The relevance of shear to platelet function is not a novel concept. Platelets contain another well-characterized receptor that responds to shear: the glycoprotein Ib-IX complex. In the case of glycoprotein Ib-IX, shear alone can elicit ligand (von Willebrand factor) binding and the release of microvesicles.4 Where the work of Pang et al expands our understanding is a demonstration that shear forces alone are not sufficient to elicit αIIbβ3-dependent procoagulant platelet properties. Agonist stimulation and the β3 subunit are both required to fully engage the Gα13, Src, and Rac-1 dependent signaling pathway.
The authors present compelling data with the pharmacologic inhibition of the Gα13-dependent signaling pathway and the resulting impact on platelet function in vivo. First, the results establish that it is possible to separate inside-out pathways leading to ligand binding from the later consequences of outside-in signaling leading to platelet procoagulant properties (see figure). Inhibition of the Gα13 pathway significantly reduces fibrin deposition within a growing platelet thrombus and effectively destabilizes the thrombus. The authors conclude that selective targeting of integrin outside-in signaling represents a novel antithrombotic strategy that has the potential of inhibiting occlusive thrombus growth with a limited impact on normal hemostasis, the holy grail in the development of improved antithrombotic therapies.5
In considering the inhibition of Gα13 signaling pathways, it is worth remembering that heterotrimeric G proteins and their downstream targets are physiologically relevant well beyond platelet-mediated thrombosis.

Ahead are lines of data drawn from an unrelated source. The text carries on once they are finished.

lemma product_mixture_if_not_separated:
  fixes \<pi> :: "'a::finite \<Rightarrow> 'a \<Rightarrow> real"
  assumes unseparated: "\<And>(c :: 'a \<Rightarrow> 'a \<Rightarrow> real) \<beta>.
      (\<And>y. (\<forall>a. 0 \<le> y a) \<Longrightarrow> (\<Sum>a\<in>UNIV. y a) = 1 \<Longrightarrow>
        \<beta> < (\<Sum>a\<in>UNIV. \<Sum>b\<in>UNIV. c a b * (y a * y b))) \<Longrightarrow>
      \<beta> \<le> (\<Sum>a\<in>UNIV. \<Sum>b\<in>UNIV. c a b * \<pi> a b)"
  shows "product_mixture \<pi>"
proof -
  define \<pi>v :: "real ^ ('a \<times> 'a)" where "\<pi>v = (\<chi> p. \<pi> (fst p) (snd p))"
  have "\<pi>v \<in> convex hull (self_product ` prob_simplex)"
  proof (rule mem_convex_hull_if_not_separated)
    show "compact (self_product ` (prob_simplex :: (real ^ 'a) set))"
      unfolding self_product_def
      by (intro compact_continuous_image compact_prob_simplex continuous_intros)
    fix A :: "real ^ ('a \<times> 'a)" and \<beta>
    assume separates: "\<And>y. y \<in> self_product ` prob_simplex \<Longrightarrow> \<beta> < inner A y"
    have "\<beta> < (\<Sum>a\<in>UNIV. \<Sum>b\<in>UNIV. A $ (a, b) * (y a * y b))"
      if "\<forall>a. 0 \<le> y a" "(\<Sum>a\<in>UNIV. y a) = 1" for y :: "'a \<Rightarrow> real"
    proof -
      have "(\<chi> a. y a) \<in> prob_simplex" using that by (simp add: prob_simplex_def)
      then have "\<beta> < inner A (self_product (\<chi> a. y a))" by (intro separates imageI)
      then show ?thesis by (simp add: inner_vec_pair_index self_product_def)
    qed
    then show "\<beta> \<le> inner A \<pi>v"
      using unseparated[of \<beta> "\<lambda>a b. A $ (a, b)"] by (simp add: inner_vec_pair_index \<pi>v_def)
  qed
  then obtain k :: nat and w v
    where kwv: "\<And>i. i < k \<Longrightarrow> 0 \<le> w i \<and> v i \<in> self_product ` prob_simplex"
      "(\<Sum>i<k. w i) = 1" "\<pi>v = (\<Sum>i<k. w i *\<^sub>R v i)"
    by (rule convex_hull_nat_indexed) blast
  have "\<exists>z. z \<in> prob_simplex \<and> v i = self_product z" if "i < k" for i
    using kwv(1)[OF that] by blast
  then obtain y where y: "\<And>i. i < k \<Longrightarrow> y i \<in> prob_simplex \<and> v i = self_product (y i)"
    by metis
  show ?thesis
    unfolding product_mixture_def
  proof (intro exI conjI allI impI)
    show "0 \<le> w i" if "i < k" for i using kwv(1)[OF that] by blast
    show "(\<Sum>i<k. w i) = 1" by (fact kwv(2))
    show "0 \<le> y i $ a" "(\<Sum>a\<in>UNIV. y i $ a) = 1" if "i < k" for i a
      using y[OF that] by (auto simp: prob_simplex_def)
    fix a b
    have "\<pi> a b = (\<Sum>i<k. w i * v i $ (a, b))"
      using kwv(3) by (simp add: \<pi>v_def vec_eq_iff)
    also have "\<dots> = (\<Sum>i<k. w i * y i $ a * y i $ b)"
      using y by (simp add: self_product_def mult.assoc)
    finally show "\<pi> a b = (\<Sum>i<k. w i * y i $ a * y i $ b)" .
  qed
qed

Indeed, G proteins are widely involved in cell differentiation, proliferation, and motility.6 In the case of the platelet, and specifically Gα13, the G protein is being used to facilitate structural changes leading to a more procoagulant platelet. However, the same G proteins are known to harbor mutations associated with breast cancer.7 Analyzing big datasets has identified inactivating mutations in the gene encoding Gα13 (GNA13) with links to Burkitt lymphoma and diffuse large B-cell lymphoma.8,9 Thus, the existing data suggest that mutations in this pathway contribute to cellular transformations and metastatic potential, possibly behaving as tumor suppressors in some cell types.10 Pharmacologic inhibition of the Gα13/RhoA axis as an antithrombotic strategy will require careful consideration beyond the immediate impact on thrombosis.

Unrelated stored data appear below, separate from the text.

(* Let $\mathcal{X}=\{x\in\mathbb{R}^d:\|x\|\le1\}$, $\mathcal{F}=\{x\mapsto\langle\theta,x\rangle:\|\theta\|\le1\}$ and $\mathcal{F}^+=\{x\mapsto\langle\theta,x\rangle:\theta\in\mathbb{R}^d\}$. There exist absolute constants $c,C,d_0,\Delta_0>0$ such that: (i) for all $d\ge d_0$ and all $\Delta\in(0,\tfrac12]$, $\log N_{\mathsf{frac}}(\mathcal{F},\mathcal{F};\Delta)\ge c\,d$; (ii) for all $d\ge1$ and all $\Delta\in(0,\Delta_0]$, $\log N_{\mathsf{frac}}(\mathcal{F},\mathcal{F}^+;\Delta)\le\frac{C}{\Delta^2}\log\frac1\Delta$.
   Context: For function classes $\mathcal{F}\subseteq\mathcal{F}^+$ of real functions on $\mathcal{X}$, $N_{\mathsf{frac}}(\mathcal{F},\mathcal{F}^+;\Delta)=\inf_{p\in\Delta(\mathcal{F}^+)}\sup_{\mu\in\Delta(\mathcal{X}),f^\star\in\mathcal{F}}\frac1{p(\{f:\mathbb{E}_{x\sim\mu}|f(x)-f^\star(x)|\le\Delta\})}$. $\|\cdot\|$ is the Euclidean norm. *)

theory Defs
  imports "HOL-Probability.Probability"
begin

text \<open>Vectors in R^d are represented as extensional functions on the index set {..<d}
  (the space of the product measure space below), so that the dimension d can be
  quantified inside the statement.\<close>

definition vecs :: "nat \<Rightarrow> (nat \<Rightarrow> real) measure" where
  "vecs d = PiM {..<d} (\<lambda>_. borel)"

definition inner_d :: "nat \<Rightarrow> (nat \<Rightarrow> real) \<Rightarrow> (nat \<Rightarrow> real) \<Rightarrow> real" where
  "inner_d d u v = (\<Sum>i<d. u i * v i)"

definition norm_d :: "nat \<Rightarrow> (nat \<Rightarrow> real) \<Rightarrow> real" where
  "norm_d d u = sqrt (\<Sum>i<d. (u i)^2)"

definition dists_X :: "nat \<Rightarrow> (nat \<Rightarrow> real) measure set" where
  "dists_X d = {\<mu>. prob_space \<mu> \<and> sets \<mu> = sets (vecs d) \<and>
      emeasure \<mu> {x \<in> space (vecs d). norm_d d x \<le> 1} = 1}"

text \<open>Probability distributions over a class of linear functions x \<mapsto> <theta,x>,
  parametrized by theta, where the class is {theta. H theta}.\<close>
definition dists_class :: "nat \<Rightarrow> ((nat \<Rightarrow> real) \<Rightarrow> bool) \<Rightarrow> (nat \<Rightarrow> real) measure set" where
  "dists_class d H = {p. prob_space p \<and> sets p = sets (vecs d) \<and>
      emeasure p {\<theta> \<in> space (vecs d). H \<theta>} = 1}"

definition close_set :: "nat \<Rightarrow> (nat \<Rightarrow> real) measure \<Rightarrow> (nat \<Rightarrow> real) \<Rightarrow> real \<Rightarrow> (nat \<Rightarrow> real) set" where
  "close_set d \<mu> \<theta>s \<Delta> = {\<theta> \<in> space (vecs d).
      (\<integral>\<^sup>+ x. ennreal \<bar>inner_d d \<theta> x - inner_d d \<theta>s x\<bar> \<partial>\<mu>) \<le> ennreal \<Delta>}"

text \<open>Fractional covering number N_frac(F, F^+; Delta), where F = {<theta,.> : G theta} and
  F^+ = {<theta,.> : H theta}. Value in ennreal; 1/0 = top.\<close>
definition N_frac :: "nat \<Rightarrow> ((nat \<Rightarrow> real) \<Rightarrow> bool) \<Rightarrow> ((nat \<Rightarrow> real) \<Rightarrow> bool) \<Rightarrow> real \<Rightarrow> ennreal" where
  "N_frac d G H \<Delta> = (INF p \<in> dists_class d H.
      SUP (\<mu>, \<theta>s) \<in> dists_X d \<times> {\<theta> \<in> space (vecs d). G \<theta>}.
        inverse (emeasure p (close_set d \<mu> \<theta>s \<Delta>)))"

definition unit_pred :: "nat \<Rightarrow> (nat \<Rightarrow> real) \<Rightarrow> bool" where
  "unit_pred d \<theta> \<longleftrightarrow> norm_d d \<theta> \<le> 1"

end

theory Submission
  imports Defs
begin

(* Everything rests on the Rademacher sign vectors g in {1,-1}^d: averaged over all of them,
   g g^T is the identity, <g,u> has fourth moment O(|u|^4), and <g,u> is 1-subgaussian.

   Lower bound: by the subgaussian tail, any prior p on the unit ball gives the half-space
   {theta. <g,theta> >= sqrt d / 2} mass at most exp(-d/8) on average over g, hence for some g.
   The adversary puts mu at the unit vector g / sqrt d and takes f* = <g / sqrt d, .>; every
   Delta-close theta (Delta <= 1/2) lies in that half-space.

   Upper bound (Maurey's empirical method): since the average of <g,theta*> g is theta*, the
   empirical mean (1/k) sum_j <g_j,theta*> g_j over k ~ 1/Delta^2 independent sign vectors is
   L1(mu)-close to theta* for a quarter of all tuples (g_1, ..., g_k), by second moments and
   Markov's inequality.  Rounding the coefficients to the grid (Delta/8) Z adds an error
   (Delta/8) |<g_j,x>| per term, which is Delta/8 on average as well.  Hence the uniform prior
   on codes (sign tuple, bounded integer coefficients) charges the Delta-ball around theta*
   with mass at least 1 / (4 (2N+1)^k), where N ~ sqrt k / Delta. *)

definition lists_len :: "nat \<Rightarrow> 'a set \<Rightarrow> 'a list set" where
  "lists_len n A = {xs. set xs \<subseteq> A \<and> length xs = n}"

lemma finite_lists_len: "finite A \<Longrightarrow> finite (lists_len n A)"
  unfolding lists_len_def by (rule finite_lists_length_eq)

lemma card_lists_len: "finite A \<Longrightarrow> card (lists_len n A) = card A ^ n"
  unfolding lists_len_def by (rule card_lists_length_eq)

lemma lists_len_0 [simp]: "lists_len 0 A = {[]}"
  unfolding lists_len_def by auto

lemma sum_lists_len_Suc:
  assumes "finite A"
  shows "sum F (lists_len (Suc n) A) = (\<Sum>a\<in>A. \<Sum>xs\<in>lists_len n A. F (a # xs))"
proof -
  have eq: "lists_len (Suc n) A = (\<lambda>(xs, a). a # xs) ` (lists_len n A \<times> A)"
    unfolding lists_len_def by (rule lists_length_Suc_eq)
  have inj: "inj_on (\<lambda>(xs, a). a # xs) (lists_len n A \<times> A)"
    by (auto simp: inj_on_def)
  have "sum F (lists_len (Suc n) A) = (\<Sum>(xs, a)\<in>lists_len n A \<times> A. F (a # xs))"
    unfolding eq sum.reindex[OF inj] by (rule sum.cong) auto
  also have "\<dots> = (\<Sum>xs\<in>lists_len n A. \<Sum>a\<in>A. F (a # xs))"
    by (simp add: sum.cartesian_product)
  finally show ?thesis by (rule trans) (rule sum.swap)
qed

lemma sum_lists_len_sum_nth:
  fixes F :: "'a \<Rightarrow> 'b::comm_semiring_1"
  assumes "finite A"
  shows "(\<Sum>xs\<in>lists_len k A. \<Sum>j<k. F (xs!j)) * of_nat (card A)
    = of_nat k * of_nat (card A ^ k) * sum F A"
proof (induction k)
  case (Suc k)
  have "(\<Sum>xs\<in>lists_len (Suc k) A. \<Sum>j<Suc k. F (xs!j))
      = (\<Sum>a\<in>A. \<Sum>xs\<in>lists_len k A. F a + (\<Sum>j<k. F (xs!j)))"
    unfolding sum_lists_len_Suc[OF assms] sum.lessThan_Suc_shift by simp
  also have "\<dots> = of_nat (card A ^ k) * sum F A
      + of_nat (card A) * (\<Sum>xs\<in>lists_len k A. \<Sum>j<k. F (xs!j))"
    by (simp add: sum.distrib card_lists_len[OF assms] sum_distrib_left sum_distrib_right mult.commute)
  finally show ?case using Suc by (simp add: algebra_simps)
qed simp

text \<open>Variances of independent centred summands add up.\<close>

lemma sum_lists_len_sum_nth_sq:
  fixes Y :: "'a \<Rightarrow> 'b::comm_semiring_1"
  assumes "finite A" "sum Y A = 0"
  shows "(\<Sum>xs\<in>lists_len k A. (\<Sum>j<k. Y (xs!j))^2) * of_nat (card A)
    = of_nat k * of_nat (card A ^ k) * (\<Sum>a\<in>A. (Y a)^2)"
proof (induction k)
  case (Suc k)
  define T where "T xs = (\<Sum>j<k. Y (xs!j))" for xs
  have "(\<Sum>xs\<in>lists_len (Suc k) A. (\<Sum>j<Suc k. Y (xs!j))^2)
      = (\<Sum>a\<in>A. \<Sum>xs\<in>lists_len k A. (Y a)^2 + 2 * Y a * T xs + (T xs)^2)"
    unfolding sum_lists_len_Suc[OF assms(1)] sum.lessThan_Suc_shift T_def
    by (intro sum.cong refl) (simp add: power2_eq_square algebra_simps mult_2)
  also have "\<dots> = of_nat (card A ^ k) * (\<Sum>a\<in>A. (Y a)^2)
      + 2 * sum Y A * (\<Sum>xs\<in>lists_len k A. T xs)
      + of_nat (card A) * (\<Sum>xs\<in>lists_len k A. (T xs)^2)"
    by (simp add: sum.distrib card_lists_len[OF assms(1)] sum_distrib_left sum_distrib_right
        algebra_simps)
  finally show ?case using Suc assms(2) by (simp add: algebra_simps T_def)
qed simp

lemma card_gt_mult_le_sum:
  fixes f :: "'a \<Rightarrow> 'b::{ordered_comm_monoid_add, semiring_1}"
  assumes "finite A" "\<And>x. x \<in> A \<Longrightarrow> 0 \<le> f x"
  shows "of_nat (card {x\<in>A. t < f x}) * t \<le> sum f A"
proof -
  have "of_nat (card {x\<in>A. t < f x}) * t = (\<Sum>x\<in>{x\<in>A. t < f x}. t)" by simp
  also have "\<dots> \<le> (\<Sum>x\<in>{x\<in>A. t < f x}. f x)" by (intro sum_mono) auto
  also have "\<dots> \<le> sum f A" using assms by (intro sum_mono2) auto
  finally show ?thesis .
qed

Finally, the current work further illustrates the complex spatiotemporal aspects of the platelet’s role in thrombosis. Going forward, the challenge will be to exploit the complexity for the design of a new generation of antithrombotics with limited side effects, such as excess bleeding. While specific targeting of Gα13 might have unexpected consequences as discussed above, it nevertheless identifies the potential to retain some platelet behavior, such as ligand binding, while reducing the platelet’s role in the intravascular coagulation response. The authors are commended for an important and insightful contribution based on solid experimental data.
Conflict-of-interest disclosure: The author declares no competing financial interests.